You can include written notes in notebook cells using Markdown: 

- In the control panel at the top, choose Cell > Cell Type > Markdown
- Markdown syntax: http://nestacms.com/docs/creating-content/markdown-cheat-sheet

### Resources

- Experiment information and data source: http://www.povertyactionlab.org/evaluation/discrimination-job-market-united-states
- Scipy statistical methods: http://docs.scipy.org/doc/scipy/reference/stats.html 
- Markdown syntax: http://nestacms.com/docs/creating-content/markdown-cheat-sheet 

In [60]:
import pandas as pd
import numpy as np
from scipy import stats

In [61]:
data = pd.io.stata.read_stata('data/us_job_market_discrimination.dta')

In [62]:
data.head()

Unnamed: 0,id,ad,education,ofjobs,yearsexp,honors,volunteer,military,empholes,occupspecific,...,compreq,orgreq,manuf,transcom,bankreal,trade,busservice,othservice,missind,ownership
0,b,1,4,2,6,0,0,0,1,17,...,1.0,0.0,1.0,0.0,0.0,0.0,0.0,0.0,0.0,
1,b,1,3,3,6,0,1,1,0,316,...,1.0,0.0,1.0,0.0,0.0,0.0,0.0,0.0,0.0,
2,b,1,4,1,6,0,0,0,0,19,...,1.0,0.0,1.0,0.0,0.0,0.0,0.0,0.0,0.0,
3,b,1,3,4,6,0,1,0,1,313,...,1.0,0.0,1.0,0.0,0.0,0.0,0.0,0.0,0.0,
4,b,1,3,3,22,0,0,0,0,313,...,1.0,1.0,0.0,0.0,0.0,0.0,0.0,1.0,0.0,Nonprofit


In [73]:
# Desriptive statistic for the black and white groups created based on the rate of callbacks for resumes 
black = data[data.race=='b']
white = data[data.race=='w']

n_b = len(black)
mean_b = black.call.mean()
std_b = black.call.std()
sem_b = black.call.sem()
skewness_b = black.call.skew()
print('Black group')
print('n: ', n_b)
print('Mean: ', mean_b)
print('SD: ', std_b)
print('SE: ', sem_b)
print('Skewness: ', skewness_b)
print('--------------------------')

n_w = len(white)
mean_w = white.call.mean()
std_w = white.call.std()
sem_w = white.call.sem()
skewness_w = white.call.skew()
print('White group')
print('n: ', n_w)
print('Mean: ', mean_w)
print('SD: ', std_w)
print('SE: ', sem_w)
print('Skewness: ', skewness_w)

Black group
n:  2435
Mean:  0.0644763857126236
SD:  0.24564945697784424
SE:  0.00497813117346
Skewness:  3.5488
--------------------------
White group
n:  2435
Mean:  0.09650924056768417
SD:  0.2953455150127411
SE:  0.00598523067594
Skewness:  2.73454


### Statistic test
Both group sample distributions are only slightly skewed and are not normal.
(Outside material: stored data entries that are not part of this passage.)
lemma cocycle_omega_p_dpair:
  assumes m: "bilin m" and l: "bilin l" and r: "bilin r"
    and "cocycle (dsum_mult m l r) omega_p"
  shows "dpair z (l x b) = dpair x (r z b) + dpair x (l z b) + dpair (m x z) b"
proof -
  let ?d = "dsum_mult m l r"
  have "omega_p (case_sum z 0) (?d (case_sum x 0) (case_sum 0 b)) =
      omega_p (case_sum x 0) (?d (case_sum 0 b) (case_sum z 0) + ?d (case_sum z 0) (case_sum 0 b))
      - omega_p (case_sum 0 b) (?d (case_sum x 0) (case_sum z 0))"
    using assms(4) unfolding cocycle_def vadd_eq_plus by blast
  then show ?thesis
    by (simp add: omega_p_def dpair_simps bilin_zero_left [OF m] bilin_zero_right [OF m]
      bilin_zero_left [OF l] bilin_zero_right [OF l] bilin_zero_left [OF r] bilin_zero_right [OF r]
      algebra_simps)
qed

lemma Lmul_eq: "Lmul m = m"
  by (simp add: Lmul_def fun_eq_iff)

lemma Rmul_eq: "Rmul m = (\<lambda>x y. m y x)"
  by (simp add: Rmul_def fun_eq_iff)

lemma dpair_neg_dual_op_Lmul:
  "bilin sc \<Longrightarrow> dpair w (- dual_op (Lmul sc) x b) = dpair (sc x w) b"
  by (simp add: Lmul_eq dpair_minus_right dpair_dual_op bilin_lin_right)

lemma dpair_dual_op_Lmul_Rmul:
  "bilin sc \<Longrightarrow> bilin pc \<Longrightarrow>
    dpair w (dual_op (Lmul sc) y a + dual_op (Rmul pc) y a) = - dpair (sc y w) a - dpair (pc w y) a"
  by (simp add: Lmul_eq Rmul_eq dpair_add_right dpair_dual_op bilin_lin_right bilin_lin_left)

locale adjoint_operators =
  fixes sc pc m l r :: "('n::finite \<Rightarrow> 'k::field) \<Rightarrow> ('n \<Rightarrow> 'k) \<Rightarrow> ('n \<Rightarrow> 'k)"
  assumes bilin_sc: "bilin sc" and bilin_pc: "bilin pc"
    and m_eq: "\<And>x y. m x y = sc x y + pc x y"
    and l_adjoint: "\<And>w x b. dpair w (l x b) = dpair (sc x w) b"
    and r_adjoint: "\<And>w y a. dpair w (r y a) = - dpair (sc y w) a - dpair (pc w y) a"
begin

definition "AL1 \<longleftrightarrow> (\<forall>x y z. pc (m x y) z = sc x (m y z) - sc y (m x z))"
definition "AL2 \<longleftrightarrow> (\<forall>x y z. sc (m x y) z = sc y (sc x z) - sc x (sc y z))"
definition "AL3 \<longleftrightarrow> (\<forall>x y z. pc x (m y z) = pc (sc y x) z - sc y (pc x z))"
definition "AL4 \<longleftrightarrow> (\<forall>x y z. pc (sc x y) z = - pc (pc y x) z)"

lemma anti_pre_leibniz_iff: "anti_pre_leibniz sc pc \<longleftrightarrow> AL1 \<and> AL2 \<and> AL3 \<and> AL4"
proof -
  have m_eq': "(\<lambda>x y. vadd (sc x y) (pc x y)) = m"
    by (simp add: fun_eq_iff m_eq vadd_eq_plus)
  show ?thesis
    unfolding anti_pre_leibniz_def Let_def m_eq' AL1_def AL2_def AL3_def AL4_def
    by (simp add: bilin_sc bilin_pc vadd_eq_plus vneg_eq_uminus)
qed

lemma bilin_m: "bilin m"
  by (rule bilinI) (simp_all add: m_eq bilin_simps [OF bilin_sc] bilin_simps [OF bilin_pc] vscale_add_right)

lemma bilin_l: "bilin l"
  by (rule bilinI; rule dpair_ext_right)
    (simp_all add: l_adjoint dpair_simps bilin_add_left [OF bilin_sc] bilin_scale_left [OF bilin_sc])

lemma bilin_r: "bilin r"
  by (rule bilinI; rule dpair_ext_right)
    (simp_all add: r_adjoint dpair_simps bilin_add_left [OF bilin_sc] bilin_add_right [OF bilin_pc]
      bilin_scale_left [OF bilin_sc] bilin_scale_right [OF bilin_pc] algebra_simps)

lemma l_eq_dual_op: "l x = (\<lambda>b. - dual_op (Lmul sc) x b)"
  by (rule ext, rule dpair_ext_right) (simp add: l_adjoint dpair_neg_dual_op_Lmul [OF bilin_sc])

lemma r_eq_dual_op: "r y = (\<lambda>a. dual_op (Lmul sc) y a + dual_op (Rmul pc) y a)"
  by (rule ext, rule dpair_ext_right) (simp add: r_adjoint dpair_dual_op_Lmul_Rmul [OF bilin_sc bilin_pc])

lemma dpair_m_left: "dpair (m x y) a = dpair (sc x y) a + dpair (pc x y) a"
  by (simp add: m_eq dpair_add_left)

lemma cocycle_omega_p: "cocycle (dsum_mult m l r) omega_p"
  unfolding cocycle_def omega_p_def vadd_eq_plus
  by (simp add: dpair_m_left l_adjoint r_adjoint dpair_simps bilin_simps [OF bilin_sc] bilin_simps [OF bilin_pc])

lemma l_rep_iff_AL2: "(\<forall>x y v. l (m x y) v = l x (l y v) - l y (l x v)) \<longleftrightarrow> AL2"
proof -
  have "(\<forall>v. l (m x y) v - (l x (l y v) - l y (l x v)) = 0) \<longleftrightarrow>
      (\<forall>w. sc (m x y) w - (sc y (sc x w) - sc x (sc y w)) = 0)" for x y
    by (rule transpose_eq_zero_iff) (simp add: l_adjoint dpair_simps)
  then show ?thesis
    unfolding AL2_def right_minus_eq by blast
qed

lemma r_rep_iff_AL3:
  assumes AL2
  shows "(\<forall>x y v. r (m x y) v = l x (r y v) - r y (l x v)) \<longleftrightarrow> AL3"
proof -
  have "(\<forall>v. r (m x y) v - (l x (r y v) - r y (l x v)) = 0) \<longleftrightarrow>
      (\<forall>w. - (pc w (m x y) - (pc (sc x w) y - sc x (pc w y))) = 0)" for x y
    using assms unfolding AL2_def
    by (intro transpose_eq_zero_iff) (simp add: l_adjoint r_adjoint dpair_simps)
  then show ?thesis
    unfolding AL3_def right_minus_eq neg_equal_0_iff_equal by blast
qed

lemma r_l_iff_AL4: "(\<forall>x y v. r y (l x v) = - r y (r x v)) \<longleftrightarrow> AL4"
proof -
  have "(\<forall>v. r y (l x v) + r y (r x v) = 0) \<longleftrightarrow> (\<forall>w. pc (sc y w) x + pc (pc w y) x = 0)" for x y
    by (rule transpose_eq_zero_iff)
      (simp add: l_adjoint r_adjoint dpair_simps bilin_add_left [OF bilin_pc])
  then show ?thesis
    unfolding AL4_def eq_neg_iff_add_eq_0 by blast
qed

lemma is_rep_iff: "is_rep m l r \<longleftrightarrow> AL2 \<and> AL3 \<and> AL4"
proof -
  have "is_rep m l r \<longleftrightarrow>
      (\<forall>x y v. l (m x y) v = l x (l y v) - l y (l x v)) \<and>
      (\<forall>x y v. r (m x y) v = l x (r y v) - r y (l x v)) \<and>
      (\<forall>x y v. r y (l x v) = - r y (r x v))"
    unfolding is_rep_def vadd_eq_plus vneg_eq_uminus diff_conv_add_uminus
    using bilin_l bilin_r by blast
  then show ?thesis
    using l_rep_iff_AL2 r_rep_iff_AL3 r_l_iff_AL4 by blast
qed

lemma leibniz_defect_eq:
  assumes AL2 AL3 AL4
  shows "m x (m y z) - (m (m x y) z + m y (m x z)) = 2 * (sc x (m y z) - sc y (m x z) - pc (m x y) z)"
proof -
  have sc_m: "sc x (m y z) = sc x (sc y z) + sc x (pc y z)" for x y z
    by (simp add: m_eq bilin_add_right [OF bilin_sc])
  have pc_m: "pc (m x y) z = pc (sc x y) z + pc (pc x y) z" for x y z
    by (simp add: m_eq bilin_add_left [OF bilin_pc])
  have xyz: "m x (m y z) = sc x (m y z) + (pc (sc y x) z - sc y (pc x z))"
    using m_eq [of x "m y z"] \<open>AL3\<close> by (simp add: AL3_def)
  have xy_z: "m (m x y) z = (sc y (sc x z) - sc x (sc y z)) + pc (m x y) z"
    using m_eq [of "m x y" z] \<open>AL2\<close> by (simp add: AL2_def)
  have yxz: "m y (m x z) = sc y (m x z) + (pc (sc x y) z - sc x (pc y z))"
    using m_eq [of y "m x z"] \<open>AL3\<close> by (simp add: AL3_def)
  have yx_z: "pc (sc y x) z = - pc (pc x y) z"
    using \<open>AL4\<close> by (simp add: AL4_def)
  show ?thesis
    unfolding xyz xy_z yxz yx_z sc_m pc_m by (simp add: fun_eq_iff algebra_simps)
qed

end

lemma anti_pre_leibniz_iff_leibniz_rep:
  fixes sc pc m l r :: "('n::finite \<Rightarrow> 'k::field_char_0) \<Rightarrow> ('n \<Rightarrow> 'k) \<Rightarrow> ('n \<Rightarrow> 'k)"
  assumes "adjoint_operators sc pc m l r"
  shows "anti_pre_leibniz sc pc \<longleftrightarrow> leibniz m \<and> is_rep m l r"
proof -
  interpret adjoint_operators sc pc m l r
    by fact
  have double_eq_0_iff: "2 * D = 0 \<longleftrightarrow> D = 0" for D :: "'n \<Rightarrow> 'k"
    by (simp add: fun_eq_iff)
  have "leibniz m \<longleftrightarrow> AL1" if AL2 AL3 AL4
  proof -
    have "leibniz m \<longleftrightarrow> (\<forall>x y z. m x (m y z) - (m (m x y) z + m y (m x z)) = 0)"
      unfolding leibniz_def vadd_eq_plus right_minus_eq using bilin_m by blast
    also have "\<dots> \<longleftrightarrow> (\<forall>x y z. sc x (m y z) - sc y (m x z) - pc (m x y) z = 0)"
      unfolding leibniz_defect_eq [OF that] double_eq_0_iff ..
    also have "\<dots> \<longleftrightarrow> AL1"
      unfolding AL1_def diff_eq_eq by (metis add.left_neutral eq_diff_eq)
    finally show ?thesis .
  qed
  then show ?thesis
    using anti_pre_leibniz_iff is_rep_iff by blast
qed

lemma leibniz_cocycle_dual_dsum_mult:
  fixes sc pc :: "('n::finite \<Rightarrow> 'k::field_char_0) \<Rightarrow> ('n \<Rightarrow> 'k) \<Rightarrow> ('n \<Rightarrow> 'k)"
  assumes apl: "anti_pre_leibniz sc pc"
  defines "d \<equiv> dsum_mult (\<lambda>x y. sc x y + pc x y) (\<lambda>x b. - dual_op (Lmul sc) x b)
    (\<lambda>y a. dual_op (Lmul sc) y a + dual_op (Rmul pc) y a)"
  shows "leibniz d \<and> cocycle d omega_p"
proof -
  have "bilin sc" and "bilin pc"
    using apl by (simp_all add: anti_pre_leibniz_def)
  then have adj: "adjoint_operators sc pc (\<lambda>x y. sc x y + pc x y) (\<lambda>x b. - dual_op (Lmul sc) x b)
    (\<lambda>y a. dual_op (Lmul sc) y a + dual_op (Rmul pc) y a)"
    by unfold_locales (simp_all add: dpair_neg_dual_op_Lmul dpair_dual_op_Lmul_Rmul)
  show ?thesis
    unfolding d_def
    using apl anti_pre_leibniz_iff_leibniz_rep [OF adj] leibniz_dsum_mult
      adjoint_operators.cocycle_omega_p [OF adj] by blast
qed

lemma anti_pre_leibniz_of_cocycle:
  fixes m l r :: "('n::finite \<Rightarrow> 'k::field_char_0) \<Rightarrow> ('n \<Rightarrow> 'k) \<Rightarrow> ('n \<Rightarrow> 'k)"
  assumes leib: "leibniz m" and rep: "is_rep m l r" and cocycle: "cocycle (dsum_mult m l r) omega_p"
  shows "\<exists>sc pc. anti_pre_leibniz sc pc \<and> (\<forall>x y. sc x y + pc x y = m x y) \<and>
    (\<forall>x. l x = (\<lambda>b. - dual_op (Lmul sc) x b)) \<and>
    (\<forall>y. r y = (\<lambda>a. dual_op (Lmul sc) y a + dual_op (Rmul pc) y a))"
proof -
  have m: "bilin m" and l: "bilin l" and r: "bilin r"
    using leib rep unfolding leibniz_def is_rep_def by blast+
  define sc where "sc x z = (\<lambda>i. dpair z (l x (unitv i)))" for x z
  define pc where "pc x y = m x y - sc x y" for x y
  have bilin_sc: "bilin sc"
    unfolding sc_def
    by (rule bilinI) (simp_all add: fun_eq_iff dpair_simps bilin_add_left [OF l] bilin_scale_left [OF l] vscale_apply)
  have bilin_pc: "bilin pc"
    unfolding pc_def
    by (rule bilinI) (simp_all add: bilin_simps [OF m] bilin_simps [OF bilin_sc] vscale_diff_right)
  have l_adjoint: "dpair w (l x b) = dpair (sc x w) b" for w x b
    unfolding sc_def by (rule dpair_transpose [OF bilin_lin_right [OF l], symmetric])
  have "dpair w (r y a) = - dpair (sc y w) a - dpair (pc w y) a" for w y a
    using cocycle_omega_p_dpair [OF m l r cocycle, of y w a]
    by (simp add: pc_def dpair_diff_left l_adjoint)
  with bilin_sc bilin_pc l_adjoint have adj: "adjoint_operators sc pc m l r"
    by unfold_locales (simp_all add: pc_def)
  show ?thesis
  proof (intro exI conjI allI)
    show "anti_pre_leibniz sc pc"
      using anti_pre_leibniz_iff_leibniz_rep [OF adj] leib rep by blast
    show "sc x y + pc x y = m x y" for x y
      by (simp add: pc_def)
    show "l x = (\<lambda>b. - dual_op (Lmul sc) x b)" for x
      by (rule adjoint_operators.l_eq_dual_op [OF adj])
    show "r y = (\<lambda>a. dual_op (Lmul sc) y a + dual_op (Rmul pc) y a)" for y
      by (rule adjoint_operators.r_eq_dual_op [OF adj])
  qed
qed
Therefore, the Mann-Whitney U-test, a nonparametric equivalent of the two sample t-test, will be used. While the t-test makes an assumption about the distribution of a population (i.e. that the sample came from a t-distributed population), the Mann Whitney U-test makes no such assumption.

### Null hypothesis

The null hypothesis for the test is that the probability is 50% that resumes randomly chosen from first and second groups will have 0 and 0 or 1 and 1 call values, respectively. The alternate hypothesis is that resumes randomly chosen from first and second groups will have 1 and 0 or 0 and 1 call values, respectively.

### Assumptions for the Mann Whitney U-test:

- the sample groups are independent
- the two group sample distributions are not normal, but are skewed in the same direction

In [67]:
# Creating lists
call_b = sorted(black.call)
call_w = sorted(white.call)

In [80]:
# Calculing confidence intervals with a confidence level of 95%
low, high = stats.norm.interval(0.95, loc=mean_b, scale=sem_b)
margerr = high - mean_b
print('Confidence intervals for the black group: ', low, '-', high)
print('Margin of error for the black group: ', margerr)

low, high = stats.norm.interval(0.95, loc=mean_w, scale=sem_w)
margerr = high - mean_w
print('Confidence intervals for the white group: ', low, '-', high)
print('Margin of error for the white group: ', margerr)

Confidence intervals for the black group:  0.0547194279023 - 0.0742333435229
Margin of error for the black group:  0.0097569578103
Confidence intervals for the white group:  0.0847784040037 - 0.108240077132
Margin of error for the white group:  0.011730836564


In [75]:
# Null hypothesis test - Mann-Whitney U-test (nonparametric test)
u, p = stats.mannwhitneyu(call_b, call_w)
print('z-score: ', u)
print('p-value: ', p)

z-score:  2869647.5
p-value:  1.99577095968e-05


### Conclusion:

The null hypothesis is rejected, since p-value is significantly smaller than 0.05. Therefore, in the context of the original problem, the above analysis means that race suggested by name plays an important role in callback success. White people have an advantage over black people in the hiring process in U.S.